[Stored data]
BEGIN
lemma svt_extend_Min:
  assumes "(i, j) \<in> young_diagram m mu"
  shows "Min (svt_extend lam m (mu, S, T') (i, j)) = Min (T' (i, j))"
proof -
  have "Min (svt_extend lam m (mu, S, T') (i, j)) = Min (T' (i, j) \<union> (if i \<in> S \<and> j = mu i then {Suc m} else {}))"
    using svt_extend_lower[OF assms] by simp
  also have "\<dots> = Min (T' (i, j))"
    by (rule Min_Un_above) (use svt_finite[OF data_tableau] svt_box[OF data_tableau assms] in auto)
  finally show ?thesis .
qed

lemma svt_extend_subset: "svt_extend lam m (mu, S, T') b \<subseteq> {1..Suc m}"
proof -
  obtain i j where b: "b = (i, j)" by force
  have "svt_extend lam m (mu, S, T') b \<subseteq> T' b \<union> {Suc m}"
    unfolding b svt_extend_def by auto
  with svt_subset[OF data_tableau, of b] show ?thesis by fastforce
qed

lemma svt_extend_Max_le:
  assumes "svt_extend lam m (mu, S, T') b \<noteq> {}"
  shows "Max (svt_extend lam m (mu, S, T') b) \<le> Suc m"
  using assms svt_extend_subset[of b] finite_subset[OF svt_extend_subset[of b]]
  by (metis Max_in atLeastAtMost_iff finite_atLeastAtMost subsetD)

lemma svt_extend_box:
  assumes "b \<in> young_diagram (Suc m) lam"
  shows "svt_extend lam m (mu, S, T') b \<noteq> {} \<and> svt_extend lam m (mu, S, T') b \<subseteq> {1..Suc m}"
proof -
  obtain i j where b: "b = (i, j)" by force
  show ?thesis
    using svt_box[OF data_tableau, of b] assms unfolding b
    by (cases "(i, j) \<in> young_diagram m mu") (auto simp: svt_extend_lower svt_extend_strip)
qed

lemma svt_extend_row:
  assumes "(i, j) \<in> young_diagram (Suc m) lam" "(i, Suc j) \<in> young_diagram (Suc m) lam"
  shows "Max (svt_extend lam m (mu, S, T') (i, j)) \<le> Min (svt_extend lam m (mu, S, T') (i, Suc j))"
proof (cases "(i, Suc j) \<in> young_diagram m mu")
  case True
  then have Y: "(i, j) \<in> young_diagram m mu" and "j \<noteq> mu i" using assms(1) by auto
  then have "Max (svt_extend lam m (mu, S, T') (i, j)) = Max (T' (i, j))"
    by (simp add: svt_extend_lower)
  also have "\<dots> \<le> Min (T' (i, Suc j))" using svt_row[OF data_tableau Y True] .
  also have "\<dots> = Min (svt_extend lam m (mu, S, T') (i, Suc j))" using svt_extend_Min[OF True] by simp
  finally show ?thesis .
next
  case False
  then show ?thesis
    using assms svt_extend_box svt_extend_Max_le by (simp add: svt_extend_strip)
qed
definition permutative_category :: "('o, 'm) pcat \<Rightarrow> bool" where
  "permutative_category C \<longleftrightarrow>
     \<comment> \<open>category\<close>
     (\<forall>f\<in>mor C. dm C f \<in> obj C \<and> cd C f \<in> obj C) \<and>
     (\<forall>A\<in>obj C. idm C A \<in> mor C \<and> dm C (idm C A) = A \<and> cd C (idm C A) = A) \<and>
     (\<forall>f\<in>mor C. \<forall>g\<in>mor C. cd C f = dm C g \<longrightarrow>
        cmp C g f \<in> mor C \<and> dm C (cmp C g f) = dm C f \<and> cd C (cmp C g f) = cd C g) \<and>
     (\<forall>f\<in>mor C. \<forall>g\<in>mor C. \<forall>h\<in>mor C. cd C f = dm C g \<longrightarrow> cd C g = dm C h \<longrightarrow>
        cmp C h (cmp C g f) = cmp C (cmp C h g) f) \<and>
     (\<forall>f\<in>mor C. cmp C f (idm C (dm C f)) = f \<and> cmp C (idm C (cd C f)) f = f) \<and>
     \<comment> \<open>tensor bifunctor\<close>
     unt C \<in> obj C \<and>
     (\<forall>A\<in>obj C. \<forall>B\<in>obj C. tns C A B \<in> obj C) \<and>
     (\<forall>f\<in>mor C. \<forall>g\<in>mor C. tnsm C f g \<in> mor C \<and>
        dm C (tnsm C f g) = tns C (dm C f) (dm C g) \<and> cd C (tnsm C f g) = tns C (cd C f) (cd C g)) \<and>
     (\<forall>A\<in>obj C. \<forall>B\<in>obj C. tnsm C (idm C A) (idm C B) = idm C (tns C A B)) \<and>
     (\<forall>f\<in>mor C. \<forall>g\<in>mor C. \<forall>f'\<in>mor C. \<forall>g'\<in>mor C. cd C f = dm C g \<longrightarrow> cd C f' = dm C g' \<longrightarrow>
        tnsm C (cmp C g f) (cmp C g' f') = cmp C (tnsm C g g') (tnsm C f f')) \<and>
     \<comment> \<open>strict associativity and unit\<close>
     (\<forall>A\<in>obj C. \<forall>B\<in>obj C. \<forall>D\<in>obj C. tns C (tns C A B) D = tns C A (tns C B D)) \<and>
     (\<forall>f\<in>mor C. \<forall>g\<in>mor C. \<forall>h\<in>mor C. tnsm C (tnsm C f g) h = tnsm C f (tnsm C g h)) \<and>
     (\<forall>A\<in>obj C. tns C (unt C) A = A \<and> tns C A (unt C) = A) \<and>
     (\<forall>f\<in>mor C. tnsm C (idm C (unt C)) f = f \<and> tnsm C f (idm C (unt C)) = f) \<and>
     \<comment> \<open>symmetry\<close>
     (\<forall>A\<in>obj C. \<forall>B\<in>obj C. brd C A B \<in> mor C \<and>
        dm C (brd C A B) = tns C A B \<and> cd C (brd C A B) = tns C B A) \<and>
     (\<forall>f\<in>mor C. \<forall>g\<in>mor C.
        cmp C (brd C (cd C f) (cd C g)) (tnsm C f g) = cmp C (tnsm C g f) (brd C (dm C f) (dm C g))) \<and>
     (\<forall>A\<in>obj C. \<forall>B\<in>obj C. cmp C (brd C B A) (brd C A B) = idm C (tns C A B)) \<and>
     (\<forall>A\<in>obj C. \<forall>B\<in>obj C. \<forall>D\<in>obj C.
        brd C A (tns C B D) = cmp C (tnsm C (idm C B) (brd C A D)) (tnsm C (brd C A B) (idm C D))) \<and>
     (\<forall>A\<in>obj C. brd C A (unt C) = idm C A)"

definition tprod :: "('o, 'm) pcat \<Rightarrow> (nat \<Rightarrow> 'o) \<Rightarrow> nat \<Rightarrow> nat \<Rightarrow> 'o" where
  "tprod C A a b = foldr (tns C) (map A [a..<Suc b]) (unt C)"

definition adj :: "nat \<Rightarrow> nat \<Rightarrow> nat" where
  "adj j = (\<lambda>i. if i = j then Suc j else if i = Suc j then j else i)"
lemma Min_walk_dist_insert_swap:
  assumes "E\<^sup>*\<^sup>* s u" "E\<^sup>*\<^sup>* s v" "s \<noteq> u" "s \<noteq> v" "finite Z" "Z \<noteq> {}"
    and "\<And>w. E w v \<Longrightarrow> \<exists>t\<in>insert u Z. t = w \<or> E w t"
    and "\<And>w. E w u \<Longrightarrow> \<exists>t\<in>insert v Z. t = w \<or> E w t"
  shows "Min (walk_dist E s ` insert u Z) = Min (walk_dist E s ` insert v Z)"
proof -
  have "Min (walk_dist E s ` insert u Z) \<le> walk_dist E s v"
    using assms by (intro Min_walk_dist_le_if_neighbours_near) auto
  moreover have "Min (walk_dist E s ` insert v Z) \<le> walk_dist E s u"
    using assms by (intro Min_walk_dist_le_if_neighbours_near) auto
  moreover have "Min (walk_dist E s ` insert w Z) = min (walk_dist E s w) (Min (walk_dist E s ` Z))"
    for w using assms(5,6) by simp
  moreover have "min a m = min b m" if "min a m \<le> b" "min b m \<le> a" for a b m :: nat
    using that by (auto simp: min_def split: if_splits)
  ultimately show ?thesis by simp
qed

lemma Min_walk_dist_insert_absorb:
  assumes "E\<^sup>*\<^sup>* s v" "s \<noteq> v" "s \<noteq> u" "finite Z" "Z \<noteq> {}"
    and "\<And>w. E w v \<Longrightarrow> w \<noteq> u \<Longrightarrow> \<exists>t\<in>Z. t = w \<or> E w t"
    and "\<And>w. E w u \<Longrightarrow> w \<noteq> v \<Longrightarrow> \<exists>t\<in>Z. \<exists>z. E w z \<and> E z t"
  shows "Min (walk_dist E s ` insert v Z) = Min (walk_dist E s ` Z)"
proof -
  have "Min (walk_dist E s ` Z) \<le> walk_dist E s v"
    using assms by (intro Min_walk_dist_le_if_neighbours_near_except[where u = u]) auto
  then show ?thesis using assms(4,5) by (simp add: min.absorb2)
qed
text \<open>Removing vertex \<open>a\<close>: the first row alone is worth \<open>(k+1)(k+2)/2\<close>, every other edge of
  the region loses at most one in weight and the stable edges lose nothing.\<close>

lemma border_region_weight_remove_first:
  assumes "2*k+4 \<le> b+1-a"
  defines "R \<equiv> {(i,j) \<in> border_region a b k. a < i}"
  shows "3*((k+1)*(k+2)) + 2 * (\<Sum>(i,j)\<in>R. k - edge_index u (Suc a) b i j)
         \<le> 2 * (\<Sum>(i,j)\<in>border_region a b k. (k+1) - edge_index u a b i j)"
proof -
  define w where "w i j = (k+1) - edge_index u a b i j" for i j
  define row where "row = (\<lambda>j. (a,j)) ` {a<..b}"
  have fin: "finite R" "finite row"
    unfolding R_def row_def by (auto intro: finite_subset[OF _ finite_border_region])
  have "border_region a b k = row \<union> R" "row \<inter> R = {}"
    unfolding row_def R_def border_region_def by auto
  hence split: "(\<Sum>(i,j)\<in>border_region a b k. w i j) = (\<Sum>(i,j)\<in>row. w i j) + (\<Sum>(i,j)\<in>R. w i j)"
    using fin by (simp add: sum.union_disjoint)
  have "(\<Sum>(i,j)\<in>row. w i j) = (\<Sum>j\<in>{a<..b}. w a j)"
    unfolding row_def by (subst sum.reindex) (auto simp: inj_on_def)
  hence row_bound: "(k+1)*(k+2) \<le> (\<Sum>(i,j)\<in>row. w i j)"
    unfolding w_def using first_row_index_weight[OF assms(1)] by simp
  have stable: "stable_edges u a b k \<subseteq> R"
    unfolding stable_edges_def R_def border_region_def by auto
  have "(k - edge_index u (Suc a) b i j) + (if (i,j) \<in> stable_edges u a b k then 1 else 0) \<le> w i j"
    if "(i,j) \<in> R" for i j
    using that edge_index_remove_first_le[of a i j b u]
    unfolding w_def R_def border_region_def stable_edges_def by auto
  hence "(\<Sum>(i,j)\<in>R. (k - edge_index u (Suc a) b i j) + (if (i,j) \<in> stable_edges u a b k then 1 else 0))
         \<le> (\<Sum>(i,j)\<in>R. w i j)"
    by (intro sum_mono) auto
  moreover have "(\<Sum>(i,j)\<in>R. (k - edge_index u (Suc a) b i j) + (if (i,j) \<in> stable_edges u a b k then 1 else 0))
     = (\<Sum>(i,j)\<in>R. k - edge_index u (Suc a) b i j) + card (stable_edges u a b k)"
    using stable fin by (simp add: sum.distrib split_def sum.If_cases Int_absorb1)
  ultimately show ?thesis
    using split row_bound card_stable_edges[OF assms(1), of u] unfolding w_def by simp
qed
theory Submission
  imports Defs "Jordan_Normal_Form.Determinant"
begin

text \<open>
  Let d = n1 - n2 and split the n1 matrices into a head A_0, ..., A_(n2-1) and a tail
  A_n2, ..., A_(n1-1).  The proof has a probabilistic and a deterministic half.

  Genericity: the d x d block of coefficients acting on the tail is almost surely nonsingular.
  Its determinant is affine in the corner entry, with the leading minor as coefficient; since
  the scalar distribution has no atoms, Fubini over that single coordinate and induction on d
  show that the determinant vanishes only on a null set.

  Linear algebra: if that block is nonsingular, solving the d linear relations expresses every
  tail matrix as a fixed linear combination of the head matrices, so the column space of the
  concatenation is spanned by the head columns.  Its dimension is therefore at most the sum of
  the head column ranks, hence at most n2 r.  Conversely, n2 independent column spaces of
  dimension r contribute exactly n2 r dimensions, which gives equality.
\<close>

subsection \<open>Dimension of spans of unions\<close>

context finite_dimensional_vector_space
begin

text \<open>Grassmann's formula, phrased for spanning sets rather than subspaces.\<close>

lemma dim_Un_plus_dim_Int:
  "dim (S \<union> T) + dim (span S \<inter> span T) = dim S + dim T"
  using dim_sums_Int[OF subspace_span subspace_span, of S T] by (simp add: span_Un[symmetric])

lemma dim_UN_le:
  assumes "finite K"
  shows "dim (\<Union>k\<in>K. C k) \<le> (\<Sum>k\<in>K. dim (C k))"
  using assms
proof (induction K rule: finite_induct)
  case (insert j K)
  have "dim (\<Union>k\<in>insert j K. C k) \<le> dim (C j) + dim (\<Union>k\<in>K. C k)"
    using dim_Un_plus_dim_Int[of "C j" "\<Union>k\<in>K. C k"] by simp
  with insert show ?case by simp
qed simp

lemma span_UN_eq_sums:
  assumes "finite K" and "x \<in> span (\<Union>k\<in>K. C k)"
  obtains v where "\<forall>k\<in>K. v k \<in> span (C k)" and "x = (\<Sum>k\<in>K. v k)"
  using assms
proof (induction K arbitrary: x thesis rule: finite_induct)
  case empty
  then show ?case by (auto simp: span_empty)
next
  case (insert j K)
  have "x \<in> span (C j \<union> (\<Union>k\<in>K. C k))" using insert.prems by simp
  then obtain y z where x: "x = y + z" and y: "y \<in> span (C j)" and z: "z \<in> span (\<Union>k\<in>K. C k)"
    unfolding span_Un by blast
  obtain v where v: "\<forall>k\<in>K. v k \<in> span (C k)" and z_sum: "z = (\<Sum>k\<in>K. v k)"
    using insert.IH[OF _ z] by blast
  have "(\<Sum>k\<in>K. (v(j := y)) k) = z"
    using insert.hyps z_sum by (metis fun_upd_other sum.cong)
  then show ?case
    using insert.prems(1)[of "v(j := y)"] insert.hyps v x y by auto
qed

end

text \<open>Independence of a family of subspaces passes to subfamilies (pad with zeros).\<close>

lemma indep_subspaces_subset:
  assumes indep: "indep_subspaces V S" and "T \<subseteq> S" and "finite S" and "\<forall>k\<in>S. 0 \<in> V k"
  shows "indep_subspaces V T"
  unfolding indep_subspaces_def
proof (intro allI impI ballI)
  fix v k assume v: "\<forall>k\<in>T. v k \<in> V k" "(\<Sum>k\<in>T. v k) = 0" and k: "k \<in> T"
  let ?w = "\<lambda>k. if k \<in> T then v k else 0"
  have "(\<Sum>k\<in>S. ?w k) = (\<Sum>k\<in>T. v k)"
    using sum.inter_restrict[OF \<open>finite S\<close>, of v T] \<open>T \<subseteq> S\<close> by (simp add: Int_absorb1)
  then have "(\<Sum>k\<in>S. ?w k) = 0" using v(2) by simp
  moreover have "\<forall>k\<in>S. ?w k \<in> V k" using v assms(4) by auto
  moreover have "(\<forall>k\<in>S. ?w k \<in> V k) \<longrightarrow> (\<Sum>k\<in>S. ?w k) = 0 \<longrightarrow> (\<forall>k\<in>S. ?w k = 0)"
    using indep unfolding indep_subspaces_def by (rule spec)
  ultimately have "\<forall>k\<in>S. ?w k = 0" by blast
  then have "?w k = 0" using k \<open>T \<subseteq> S\<close> by blast
  then show "v k = 0" using k by simp
qed

lemma dim_UN_indep:
  fixes C :: "nat \<Rightarrow> ('a::field^'n) set"
  assumes "finite K" and "indep_subspaces (\<lambda>k. vec.span (C k)) K"
  shows "vec.dim (\<Union>k\<in>K. C k) = (\<Sum>k\<in>K. vec.dim (C k))"
  using assms
proof (induction K rule: finite_induct)
  case (insert j K)
  have indep_K: "indep_subspaces (\<lambda>k. vec.span (C k)) K"
    using insert.hyps
    by (intro indep_subspaces_subset[OF insert.prems]) (auto simp: vec.span_zero)
  have trivial_Int: "vec.span (C j) \<inter> vec.span (\<Union>k\<in>K. C k) = {0}"
  proof safe
    fix x assume x_j: "x \<in> vec.span (C j)" and x_K: "x \<in> vec.span (\<Union>k\<in>K. C k)"
    then obtain v where v: "\<forall>k\<in>K. v k \<in> vec.span (C k)" and x: "x = (\<Sum>k\<in>K. v k)"
      using vec.span_UN_eq_sums[OF insert.hyps(1)] by blast
    let ?w = "v(j := - x)"
    have "(\<Sum>k\<in>K. ?w k) = (\<Sum>k\<in>K. v k)"
      using insert.hyps by (intro sum.cong) auto
    then have "(\<Sum>k\<in>insert j K. ?w k) = 0" using insert.hyps x by simp
    moreover have "\<forall>k\<in>insert j K. ?w k \<in> vec.span (C k)"
      using v x_j insert.hyps by (auto simp: vec.span_neg)
    ultimately have "\<forall>k\<in>insert j K. ?w k = 0"
      using insert.prems unfolding indep_subspaces_def by blast
    then show "x = 0" by simp
  qed (simp_all add: vec.span_zero)
  show ?case
    using vec.dim_Un_plus_dim_Int[of "C j" "\<Union>k\<in>K. C k"] trivial_Int insert.IH[OF indep_K] insert.hyps
    by simp
qed simp
(* For all integers $i\geq 1$, \[ v_3(a_i-1)=\begin{cases} 0, & i\equiv 0,4,5,7 \pmod 8;\\ v_3(i-1)+1, & i\equiv 1\pmod 8;\\ v_3(i+2)+1, & i\equiv 6 \pmod 8;\\ v_3(i-2)+2, & i\equiv 2\pmod{24};\\ 2, & i\equiv 10\pmod{24};\\ v_3\big((i+6)(i+30)\big)+2, & i\equiv 18\pmod{24};\\ v_3(i-3)+2, & i\equiv 3\pmod{24};\\ v_3(i+13)+2, & i\equiv 11\pmod{24};\\ v_3(i+5)+2, & i\equiv 19\pmod{24}. \end{cases} \]
   Context: The Narayana sequence $(a_n)_{n\geq 0}$ is defined by $a_0=0$, $a_1=a_2=1$ and $a_n=a_{n-1}+a_{n-3}$ for all $n\geq 3$. For an integer $x$, $v_3(x)$ denotes the $3$-adic valuation of $x$ (the exponent of the largest power of $3$ dividing $x$), with the convention $v_3(0)=+\infty$. *)

theory Defs
  imports Main "HOL-Library.Extended_Nat" "HOL-Computational_Algebra.Primes"
begin

fun narayana :: "nat \<Rightarrow> int" where
  "narayana 0 = 0"
| "narayana (Suc 0) = 1"
| "narayana (Suc (Suc 0)) = 1"
| "narayana (Suc (Suc (Suc n))) = narayana (Suc (Suc n)) + narayana n"

definition v3 :: "int \<Rightarrow> enat" where
  "v3 x = (if x = 0 then \<infinity> else enat (multiplicity (3::int) x))"

end

theory Submission
  imports Defs
begin
(* Let $M$ be a finitely presented $n$-parameter persistence module with minimal free resolution $(F_\bullet,p_\bullet)$ and fixed decomposition isomorphisms as described in the context. If $\vec b\in\xi_0(M)$ (a generator of $F_0$), then $\vec b$ generates a non-empty bar in $M^{\mathcal L_{\vec b}}$.
   Context: Modules are $\mathbb{R}^n$-graded modules over $P_n$ (monoid ring over a field of $([0,\infty)^n,+)$); $\xi_0(M)$ denotes the generators (with their grades) of $F_0$ in a minimal free resolution. For $\vec a\in\mathbb{R}^n$, $\mathcal L_{\vec a}$ is the line $t\mapsto\vec a+t\vec1$. For a positively sloped line $\mathcal L$ with order-preserving $\|\cdot\|_\infty$-isometric parametrization $\iota$, $M^{\mathcal L}=M\circ\iota$, and $F^{\mathcal L}_\bullet$ is the induced free resolution of $M^{\mathcal L}$ (pullback along $\iota$): generator $\vec a$ of $F_i$ corresponds to $\vec a^{\mathcal L}$ of grade $\iota^{-1}(\mathrm{push}_{\mathcal L}(\mathrm{gr}\,\vec a))$, where $\mathrm{push}_{\mathcal L}(\vec p)=\min\{\vec q\in\mathcal L:\vec q\ge\vec p\}$. For each $\mathcal L$ fix an isomorphism $\phi:M^{\mathcal L}\to\bigoplus_{j\in\mathcal J}\mathds 1^{I_j}$, $I_j=[b_j,d_j)$ (possibly empty), with $|\mathcal J|$ equal to the number of generators of $F_0$. The canonical resolution $F'_\bullet$ of $\bigoplus\mathds 1^{I_j}$ has $F'_0$ free on $\{b_j\}$, $F'_1$ free on $\{d_j:d_j\neq\infty\}$, $d_j\mapsto x^{d_j-b_j}b_j$; $\phi$ lifts to a chain map $\phi_\bullet:F^{\mathcal L}_\bullet\to F'_\bullet$. A generator $\vec b$ of $F_0$ generates the bar $I_j$ in $M^{\mathcal L}$ if $\mathrm{gr}(\vec b^{\mathcal L})=b_j$ and the coefficient of $b_j$ in $\phi_0(\vec b^{\mathcal L})$ is nonzero; a generator $\vec r$ of $F_1$ kills $I_j$ if $\mathrm{gr}(\vec r^{\mathcal L})=d_j$ and the coefficient of $d_j$ in $\phi_1(\vec r^{\mathcal L})$ is nonzero. The isomorphisms are fixed so that each bar is generated by a unique generator of $F^{\mathcal L}_0$ and killed by a unique generator of $F^{\mathcal L}_1$, and every generator of $F^{\mathcal L}_0$ generates some (possibly empty) bar. *)

theory Defs
  imports "HOL-Analysis.Analysis" "HOL-Library.Extended_Real"
begin

text \<open>Grades live in real^'n (n-parameter), ordered componentwise.
  The line L_a is t maps to a + t*1; this parametrisation is order preserving and
  an isometry for the sup norm.\<close>

definition diag_line :: "real^'n \<Rightarrow> real \<Rightarrow> real^'n" where
  "diag_line a t = a + t *\<^sub>R 1"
END
What you need to do. Look back at the entries above and repeat, unchanged, every line from the line holding "using assms svt_extend_subset[of" through the line holding "assms(1) by auto".

Exercise solution.
  using assms svt_extend_subset[of b] finite_subset[OF svt_extend_subset[of b]]
  by (metis Max_in atLeastAtMost_iff finite_atLeastAtMost subsetD)

lemma svt_extend_box:
  assumes "b \<in> young_diagram (Suc m) lam"
  shows "svt_extend lam m (mu, S, T') b \<noteq> {} \<and> svt_extend lam m (mu, S, T') b \<subseteq> {1..Suc m}"
proof -
  obtain i j where b: "b = (i, j)" by force
  show ?thesis
    using svt_box[OF data_tableau, of b] assms unfolding b
    by (cases "(i, j) \<in> young_diagram m mu") (auto simp: svt_extend_lower svt_extend_strip)
qed

lemma svt_extend_row:
  assumes "(i, j) \<in> young_diagram (Suc m) lam" "(i, Suc j) \<in> young_diagram (Suc m) lam"
  shows "Max (svt_extend lam m (mu, S, T') (i, j)) \<le> Min (svt_extend lam m (mu, S, T') (i, Suc j))"
proof (cases "(i, Suc j) \<in> young_diagram m mu")
  case True
  then have Y: "(i, j) \<in> young_diagram m mu" and "j \<noteq> mu i" using assms(1) by auto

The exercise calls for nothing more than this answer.